* ABOUT THIS EXERCISE *
Each line of the records below that contains "finally" needs to be copied.
Top of EXTRACTED DATA
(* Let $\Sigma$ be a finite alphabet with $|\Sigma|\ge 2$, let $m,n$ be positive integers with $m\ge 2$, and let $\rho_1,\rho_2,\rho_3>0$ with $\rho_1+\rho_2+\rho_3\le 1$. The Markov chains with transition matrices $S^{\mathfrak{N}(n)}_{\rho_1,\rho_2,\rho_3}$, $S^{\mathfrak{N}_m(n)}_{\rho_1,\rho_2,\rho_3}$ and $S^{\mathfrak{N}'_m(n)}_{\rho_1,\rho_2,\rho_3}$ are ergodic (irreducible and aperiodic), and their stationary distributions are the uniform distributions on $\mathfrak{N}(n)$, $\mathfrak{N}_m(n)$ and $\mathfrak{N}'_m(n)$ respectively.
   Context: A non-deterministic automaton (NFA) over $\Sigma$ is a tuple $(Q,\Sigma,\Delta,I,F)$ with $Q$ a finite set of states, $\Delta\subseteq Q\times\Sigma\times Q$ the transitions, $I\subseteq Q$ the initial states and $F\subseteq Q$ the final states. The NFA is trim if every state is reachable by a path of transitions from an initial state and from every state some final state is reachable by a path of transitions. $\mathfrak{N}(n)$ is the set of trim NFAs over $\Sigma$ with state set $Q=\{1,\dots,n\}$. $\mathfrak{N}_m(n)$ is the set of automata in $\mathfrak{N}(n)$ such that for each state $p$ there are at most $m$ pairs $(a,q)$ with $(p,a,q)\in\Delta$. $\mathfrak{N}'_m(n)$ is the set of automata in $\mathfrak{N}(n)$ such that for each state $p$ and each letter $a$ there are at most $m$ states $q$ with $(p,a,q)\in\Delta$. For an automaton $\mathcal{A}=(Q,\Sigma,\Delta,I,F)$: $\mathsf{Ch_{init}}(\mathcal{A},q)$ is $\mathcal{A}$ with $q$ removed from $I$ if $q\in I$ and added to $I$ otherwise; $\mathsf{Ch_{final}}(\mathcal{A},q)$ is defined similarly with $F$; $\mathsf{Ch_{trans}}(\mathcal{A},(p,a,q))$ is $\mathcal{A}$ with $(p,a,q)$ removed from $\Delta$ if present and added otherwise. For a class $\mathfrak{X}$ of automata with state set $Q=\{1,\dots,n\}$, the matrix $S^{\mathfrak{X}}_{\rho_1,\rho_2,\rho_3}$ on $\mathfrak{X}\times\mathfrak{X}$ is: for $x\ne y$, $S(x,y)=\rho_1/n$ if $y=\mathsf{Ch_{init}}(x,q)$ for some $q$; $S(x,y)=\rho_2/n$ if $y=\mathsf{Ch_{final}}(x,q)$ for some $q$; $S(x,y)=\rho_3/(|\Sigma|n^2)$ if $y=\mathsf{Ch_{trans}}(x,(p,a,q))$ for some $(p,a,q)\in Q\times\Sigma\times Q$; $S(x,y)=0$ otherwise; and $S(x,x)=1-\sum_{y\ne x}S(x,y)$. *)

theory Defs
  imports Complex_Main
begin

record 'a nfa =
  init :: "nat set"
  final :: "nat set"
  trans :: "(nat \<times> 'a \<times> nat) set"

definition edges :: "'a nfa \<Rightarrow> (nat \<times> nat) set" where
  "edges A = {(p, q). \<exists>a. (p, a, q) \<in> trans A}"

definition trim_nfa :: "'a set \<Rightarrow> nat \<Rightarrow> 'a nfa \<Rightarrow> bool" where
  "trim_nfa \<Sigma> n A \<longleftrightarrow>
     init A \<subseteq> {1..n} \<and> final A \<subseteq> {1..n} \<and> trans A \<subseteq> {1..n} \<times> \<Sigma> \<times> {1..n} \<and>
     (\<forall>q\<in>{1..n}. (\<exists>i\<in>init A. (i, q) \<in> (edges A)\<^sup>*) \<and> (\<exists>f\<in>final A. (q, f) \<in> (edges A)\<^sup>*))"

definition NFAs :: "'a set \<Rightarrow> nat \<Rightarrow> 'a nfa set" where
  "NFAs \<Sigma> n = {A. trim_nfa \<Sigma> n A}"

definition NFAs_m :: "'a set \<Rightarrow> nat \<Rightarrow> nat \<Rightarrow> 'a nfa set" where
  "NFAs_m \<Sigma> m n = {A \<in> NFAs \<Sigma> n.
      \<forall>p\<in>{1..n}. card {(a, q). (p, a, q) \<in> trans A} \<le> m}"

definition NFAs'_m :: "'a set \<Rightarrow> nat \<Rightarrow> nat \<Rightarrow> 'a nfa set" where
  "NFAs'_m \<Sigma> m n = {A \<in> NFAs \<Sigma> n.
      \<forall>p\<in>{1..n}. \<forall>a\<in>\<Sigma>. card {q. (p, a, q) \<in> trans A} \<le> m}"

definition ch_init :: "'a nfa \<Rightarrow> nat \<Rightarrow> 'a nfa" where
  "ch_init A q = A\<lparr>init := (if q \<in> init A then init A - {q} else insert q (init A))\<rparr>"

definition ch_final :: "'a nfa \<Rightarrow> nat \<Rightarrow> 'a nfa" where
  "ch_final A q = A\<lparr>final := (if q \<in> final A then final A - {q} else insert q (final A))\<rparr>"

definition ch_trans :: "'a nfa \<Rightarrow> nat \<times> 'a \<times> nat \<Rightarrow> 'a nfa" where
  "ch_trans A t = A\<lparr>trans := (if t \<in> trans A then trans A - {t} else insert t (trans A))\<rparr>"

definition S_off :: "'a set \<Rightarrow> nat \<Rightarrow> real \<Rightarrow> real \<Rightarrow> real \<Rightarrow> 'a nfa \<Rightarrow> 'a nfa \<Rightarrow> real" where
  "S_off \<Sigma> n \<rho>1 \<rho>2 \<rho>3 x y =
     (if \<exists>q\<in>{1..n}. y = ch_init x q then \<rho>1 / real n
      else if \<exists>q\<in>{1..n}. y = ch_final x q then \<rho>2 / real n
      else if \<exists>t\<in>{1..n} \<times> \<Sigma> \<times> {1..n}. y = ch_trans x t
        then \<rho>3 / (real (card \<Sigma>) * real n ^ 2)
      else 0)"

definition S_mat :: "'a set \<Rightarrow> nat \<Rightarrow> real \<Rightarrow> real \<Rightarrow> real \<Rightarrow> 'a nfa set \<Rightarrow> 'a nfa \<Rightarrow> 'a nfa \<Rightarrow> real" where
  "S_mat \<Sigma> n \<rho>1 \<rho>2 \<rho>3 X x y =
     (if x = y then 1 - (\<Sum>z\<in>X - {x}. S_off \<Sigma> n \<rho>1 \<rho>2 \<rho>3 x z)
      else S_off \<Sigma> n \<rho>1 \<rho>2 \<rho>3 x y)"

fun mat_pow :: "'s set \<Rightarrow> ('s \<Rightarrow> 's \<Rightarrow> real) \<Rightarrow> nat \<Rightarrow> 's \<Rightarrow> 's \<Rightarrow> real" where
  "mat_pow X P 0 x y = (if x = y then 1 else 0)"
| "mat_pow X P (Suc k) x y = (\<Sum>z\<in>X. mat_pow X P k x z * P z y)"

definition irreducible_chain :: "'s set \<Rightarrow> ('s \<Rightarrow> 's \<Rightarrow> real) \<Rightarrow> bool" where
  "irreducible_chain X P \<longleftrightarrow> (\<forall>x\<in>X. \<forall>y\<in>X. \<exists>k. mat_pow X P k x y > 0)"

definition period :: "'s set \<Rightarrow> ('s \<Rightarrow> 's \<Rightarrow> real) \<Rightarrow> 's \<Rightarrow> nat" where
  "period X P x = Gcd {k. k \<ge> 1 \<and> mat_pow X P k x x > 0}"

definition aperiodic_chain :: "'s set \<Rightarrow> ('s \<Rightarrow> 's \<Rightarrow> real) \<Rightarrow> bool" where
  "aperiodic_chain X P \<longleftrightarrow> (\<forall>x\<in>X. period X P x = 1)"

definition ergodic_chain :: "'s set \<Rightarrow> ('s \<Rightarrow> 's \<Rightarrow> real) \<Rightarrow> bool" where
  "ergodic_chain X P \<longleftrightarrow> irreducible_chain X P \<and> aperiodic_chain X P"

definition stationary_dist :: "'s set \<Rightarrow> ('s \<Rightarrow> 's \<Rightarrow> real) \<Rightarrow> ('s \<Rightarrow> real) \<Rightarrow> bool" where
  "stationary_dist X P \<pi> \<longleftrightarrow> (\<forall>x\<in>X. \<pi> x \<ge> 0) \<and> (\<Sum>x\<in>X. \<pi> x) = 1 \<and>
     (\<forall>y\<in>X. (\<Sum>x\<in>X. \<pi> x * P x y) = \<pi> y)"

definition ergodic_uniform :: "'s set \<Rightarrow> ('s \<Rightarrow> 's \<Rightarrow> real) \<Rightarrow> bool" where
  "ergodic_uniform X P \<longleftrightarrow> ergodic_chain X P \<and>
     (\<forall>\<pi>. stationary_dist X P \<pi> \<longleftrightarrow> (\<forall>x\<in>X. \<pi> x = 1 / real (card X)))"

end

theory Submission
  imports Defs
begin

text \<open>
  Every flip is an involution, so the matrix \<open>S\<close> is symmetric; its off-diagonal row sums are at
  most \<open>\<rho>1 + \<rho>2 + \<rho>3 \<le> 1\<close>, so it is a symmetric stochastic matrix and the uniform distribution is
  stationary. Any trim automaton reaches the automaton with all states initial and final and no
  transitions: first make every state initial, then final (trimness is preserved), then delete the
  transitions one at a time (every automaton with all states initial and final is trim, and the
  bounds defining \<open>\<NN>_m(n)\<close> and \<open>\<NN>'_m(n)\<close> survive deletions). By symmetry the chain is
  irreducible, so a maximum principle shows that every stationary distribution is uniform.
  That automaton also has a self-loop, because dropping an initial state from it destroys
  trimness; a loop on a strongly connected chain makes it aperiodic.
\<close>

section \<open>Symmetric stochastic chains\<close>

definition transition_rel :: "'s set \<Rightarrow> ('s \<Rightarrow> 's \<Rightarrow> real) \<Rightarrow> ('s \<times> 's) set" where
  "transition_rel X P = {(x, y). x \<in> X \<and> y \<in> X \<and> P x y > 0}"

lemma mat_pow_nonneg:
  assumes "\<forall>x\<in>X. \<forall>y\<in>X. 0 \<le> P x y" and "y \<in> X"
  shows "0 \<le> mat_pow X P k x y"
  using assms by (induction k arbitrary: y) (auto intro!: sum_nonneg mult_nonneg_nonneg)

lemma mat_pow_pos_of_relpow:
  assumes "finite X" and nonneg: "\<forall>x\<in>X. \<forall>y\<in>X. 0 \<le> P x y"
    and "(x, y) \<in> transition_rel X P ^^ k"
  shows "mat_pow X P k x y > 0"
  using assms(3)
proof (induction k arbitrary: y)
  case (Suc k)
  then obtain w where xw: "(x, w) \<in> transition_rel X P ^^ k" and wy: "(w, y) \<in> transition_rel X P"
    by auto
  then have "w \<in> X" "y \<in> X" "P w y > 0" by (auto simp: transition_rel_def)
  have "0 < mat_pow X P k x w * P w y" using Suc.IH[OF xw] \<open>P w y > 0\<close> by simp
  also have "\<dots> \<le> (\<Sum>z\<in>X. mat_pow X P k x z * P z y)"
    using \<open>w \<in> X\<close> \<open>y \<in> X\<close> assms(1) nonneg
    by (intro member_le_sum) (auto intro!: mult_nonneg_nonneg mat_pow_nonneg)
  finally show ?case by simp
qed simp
Bottom of EXTRACTED DATA
Top of EXTRACTED DATA
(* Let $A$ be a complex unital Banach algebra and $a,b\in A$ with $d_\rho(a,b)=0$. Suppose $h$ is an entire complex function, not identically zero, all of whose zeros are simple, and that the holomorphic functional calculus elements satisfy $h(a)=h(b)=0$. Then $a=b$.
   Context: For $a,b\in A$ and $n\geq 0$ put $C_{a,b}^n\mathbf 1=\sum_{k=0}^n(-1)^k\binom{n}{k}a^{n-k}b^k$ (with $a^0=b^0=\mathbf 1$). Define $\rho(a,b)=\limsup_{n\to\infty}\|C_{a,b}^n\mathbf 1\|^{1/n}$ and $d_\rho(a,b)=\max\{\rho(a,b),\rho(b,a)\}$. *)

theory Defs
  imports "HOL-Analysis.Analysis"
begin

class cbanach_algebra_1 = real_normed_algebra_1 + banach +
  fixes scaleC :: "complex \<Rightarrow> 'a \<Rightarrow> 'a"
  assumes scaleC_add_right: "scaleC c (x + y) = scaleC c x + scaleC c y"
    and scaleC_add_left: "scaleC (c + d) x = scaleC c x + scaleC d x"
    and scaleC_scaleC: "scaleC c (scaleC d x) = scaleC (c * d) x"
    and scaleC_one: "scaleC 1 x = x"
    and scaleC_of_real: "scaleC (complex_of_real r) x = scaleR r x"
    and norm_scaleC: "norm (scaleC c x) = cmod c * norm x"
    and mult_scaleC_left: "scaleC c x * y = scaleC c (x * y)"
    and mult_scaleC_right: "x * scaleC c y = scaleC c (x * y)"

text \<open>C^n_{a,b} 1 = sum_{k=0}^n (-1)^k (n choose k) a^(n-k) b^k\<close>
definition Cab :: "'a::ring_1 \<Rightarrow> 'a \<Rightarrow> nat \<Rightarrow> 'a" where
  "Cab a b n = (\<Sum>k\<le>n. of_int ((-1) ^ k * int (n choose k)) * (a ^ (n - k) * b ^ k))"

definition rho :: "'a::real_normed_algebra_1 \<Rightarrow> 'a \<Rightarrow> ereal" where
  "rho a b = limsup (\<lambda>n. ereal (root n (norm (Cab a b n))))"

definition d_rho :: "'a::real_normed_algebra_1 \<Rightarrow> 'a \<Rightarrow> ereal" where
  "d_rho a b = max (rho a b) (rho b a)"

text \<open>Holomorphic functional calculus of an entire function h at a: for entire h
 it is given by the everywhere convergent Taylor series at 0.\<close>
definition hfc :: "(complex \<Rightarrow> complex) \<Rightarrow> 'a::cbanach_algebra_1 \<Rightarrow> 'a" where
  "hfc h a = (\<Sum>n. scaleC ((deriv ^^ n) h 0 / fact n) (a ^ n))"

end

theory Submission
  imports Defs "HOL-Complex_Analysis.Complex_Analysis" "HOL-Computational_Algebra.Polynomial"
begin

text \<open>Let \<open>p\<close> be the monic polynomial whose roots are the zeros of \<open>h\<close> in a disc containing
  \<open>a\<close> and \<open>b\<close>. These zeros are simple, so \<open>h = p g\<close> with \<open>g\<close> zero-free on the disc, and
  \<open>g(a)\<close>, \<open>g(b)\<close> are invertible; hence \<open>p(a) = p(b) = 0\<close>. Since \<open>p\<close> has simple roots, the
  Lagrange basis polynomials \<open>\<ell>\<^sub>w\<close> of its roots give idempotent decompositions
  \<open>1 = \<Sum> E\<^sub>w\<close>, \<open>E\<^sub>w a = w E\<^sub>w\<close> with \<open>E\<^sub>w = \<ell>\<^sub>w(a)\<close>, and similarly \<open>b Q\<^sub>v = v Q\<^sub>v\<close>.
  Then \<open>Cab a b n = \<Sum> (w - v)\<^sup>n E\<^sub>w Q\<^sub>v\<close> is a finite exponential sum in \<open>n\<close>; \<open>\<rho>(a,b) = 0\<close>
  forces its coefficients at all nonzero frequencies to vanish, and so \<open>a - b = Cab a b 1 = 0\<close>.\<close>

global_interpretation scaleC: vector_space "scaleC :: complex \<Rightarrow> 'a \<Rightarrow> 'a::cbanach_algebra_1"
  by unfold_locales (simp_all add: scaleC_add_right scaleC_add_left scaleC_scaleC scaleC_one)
Bottom of EXTRACTED DATA
Top of EXTRACTED DATA
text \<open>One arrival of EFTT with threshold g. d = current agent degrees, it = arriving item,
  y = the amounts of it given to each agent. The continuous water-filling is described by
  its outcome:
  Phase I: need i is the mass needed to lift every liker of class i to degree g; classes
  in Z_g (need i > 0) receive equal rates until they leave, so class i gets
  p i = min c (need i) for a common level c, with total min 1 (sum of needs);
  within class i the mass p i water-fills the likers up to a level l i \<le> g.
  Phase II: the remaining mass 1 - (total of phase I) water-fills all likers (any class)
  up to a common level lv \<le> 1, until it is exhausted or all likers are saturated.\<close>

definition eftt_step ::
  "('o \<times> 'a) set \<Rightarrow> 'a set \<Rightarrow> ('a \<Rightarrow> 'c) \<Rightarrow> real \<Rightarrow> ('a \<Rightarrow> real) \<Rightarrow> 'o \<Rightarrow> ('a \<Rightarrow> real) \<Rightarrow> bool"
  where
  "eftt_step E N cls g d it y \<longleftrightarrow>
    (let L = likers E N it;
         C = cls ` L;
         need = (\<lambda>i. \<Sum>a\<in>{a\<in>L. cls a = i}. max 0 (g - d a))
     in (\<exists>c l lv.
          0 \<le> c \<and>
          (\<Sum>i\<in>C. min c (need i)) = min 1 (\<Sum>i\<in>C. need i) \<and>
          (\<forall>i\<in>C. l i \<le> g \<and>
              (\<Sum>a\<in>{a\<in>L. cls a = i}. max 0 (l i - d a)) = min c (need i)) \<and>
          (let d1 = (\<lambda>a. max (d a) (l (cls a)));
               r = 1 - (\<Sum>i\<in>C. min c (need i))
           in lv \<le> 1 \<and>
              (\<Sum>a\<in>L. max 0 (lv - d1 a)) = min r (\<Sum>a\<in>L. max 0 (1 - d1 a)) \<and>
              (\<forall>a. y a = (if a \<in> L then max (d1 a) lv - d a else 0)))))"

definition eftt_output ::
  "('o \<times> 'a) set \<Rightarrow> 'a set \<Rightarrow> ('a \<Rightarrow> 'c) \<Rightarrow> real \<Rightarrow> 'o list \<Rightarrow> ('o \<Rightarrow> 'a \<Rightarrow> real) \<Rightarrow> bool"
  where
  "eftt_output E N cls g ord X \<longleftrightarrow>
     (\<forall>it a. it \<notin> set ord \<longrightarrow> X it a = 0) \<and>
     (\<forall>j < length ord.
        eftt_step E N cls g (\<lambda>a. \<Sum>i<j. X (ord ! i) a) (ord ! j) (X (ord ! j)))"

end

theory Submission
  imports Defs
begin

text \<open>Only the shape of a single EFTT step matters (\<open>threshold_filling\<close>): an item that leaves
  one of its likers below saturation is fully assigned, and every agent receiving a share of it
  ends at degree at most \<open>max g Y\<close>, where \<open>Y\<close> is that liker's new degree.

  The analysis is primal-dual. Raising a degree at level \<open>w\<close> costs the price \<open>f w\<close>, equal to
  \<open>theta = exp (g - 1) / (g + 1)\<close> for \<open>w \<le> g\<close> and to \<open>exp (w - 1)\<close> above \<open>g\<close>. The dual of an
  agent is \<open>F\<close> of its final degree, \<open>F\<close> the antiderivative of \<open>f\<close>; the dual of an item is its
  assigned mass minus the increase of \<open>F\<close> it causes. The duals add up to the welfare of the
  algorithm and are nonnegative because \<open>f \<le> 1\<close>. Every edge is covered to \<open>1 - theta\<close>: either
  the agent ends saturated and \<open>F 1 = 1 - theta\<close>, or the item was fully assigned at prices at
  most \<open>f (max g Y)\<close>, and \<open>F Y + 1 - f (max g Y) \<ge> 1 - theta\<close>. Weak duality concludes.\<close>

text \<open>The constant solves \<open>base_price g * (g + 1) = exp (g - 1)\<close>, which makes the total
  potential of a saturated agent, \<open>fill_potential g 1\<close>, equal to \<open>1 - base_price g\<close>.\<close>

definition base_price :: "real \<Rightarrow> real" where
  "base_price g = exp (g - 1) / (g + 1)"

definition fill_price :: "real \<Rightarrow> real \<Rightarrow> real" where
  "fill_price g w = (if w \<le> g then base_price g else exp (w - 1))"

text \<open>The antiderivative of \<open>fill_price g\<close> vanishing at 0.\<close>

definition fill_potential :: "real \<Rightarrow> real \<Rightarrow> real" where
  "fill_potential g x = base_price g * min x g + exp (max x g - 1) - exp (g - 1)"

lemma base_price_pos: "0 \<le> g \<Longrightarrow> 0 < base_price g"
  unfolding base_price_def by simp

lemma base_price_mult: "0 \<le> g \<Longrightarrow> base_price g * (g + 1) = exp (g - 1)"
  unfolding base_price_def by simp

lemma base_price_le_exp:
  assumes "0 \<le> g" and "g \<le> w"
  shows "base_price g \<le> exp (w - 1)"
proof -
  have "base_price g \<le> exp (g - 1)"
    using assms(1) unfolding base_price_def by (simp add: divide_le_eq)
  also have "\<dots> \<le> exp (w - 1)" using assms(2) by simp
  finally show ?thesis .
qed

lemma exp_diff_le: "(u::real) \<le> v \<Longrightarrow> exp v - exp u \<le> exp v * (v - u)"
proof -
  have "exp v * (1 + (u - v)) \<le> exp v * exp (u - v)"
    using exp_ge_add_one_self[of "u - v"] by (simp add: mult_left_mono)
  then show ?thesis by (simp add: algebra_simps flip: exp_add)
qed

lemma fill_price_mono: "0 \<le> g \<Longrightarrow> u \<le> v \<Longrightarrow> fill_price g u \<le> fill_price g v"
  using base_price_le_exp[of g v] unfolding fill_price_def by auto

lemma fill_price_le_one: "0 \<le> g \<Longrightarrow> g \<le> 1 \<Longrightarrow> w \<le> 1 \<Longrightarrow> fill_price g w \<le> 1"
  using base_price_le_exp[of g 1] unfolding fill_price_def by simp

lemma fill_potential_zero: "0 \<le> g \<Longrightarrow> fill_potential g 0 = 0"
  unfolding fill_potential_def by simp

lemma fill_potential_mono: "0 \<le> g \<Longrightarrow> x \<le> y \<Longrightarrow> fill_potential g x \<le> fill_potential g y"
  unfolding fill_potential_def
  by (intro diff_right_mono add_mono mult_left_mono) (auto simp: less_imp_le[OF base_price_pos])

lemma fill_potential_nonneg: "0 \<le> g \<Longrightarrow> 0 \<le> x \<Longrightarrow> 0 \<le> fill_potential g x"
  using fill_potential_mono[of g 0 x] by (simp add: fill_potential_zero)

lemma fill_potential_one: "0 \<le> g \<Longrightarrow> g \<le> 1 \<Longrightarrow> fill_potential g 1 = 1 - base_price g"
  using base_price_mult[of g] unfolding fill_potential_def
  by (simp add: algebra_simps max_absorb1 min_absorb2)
Bottom of EXTRACTED DATA
* WORKED SOLUTION *
  finally show ?case by simp
  finally show ?thesis .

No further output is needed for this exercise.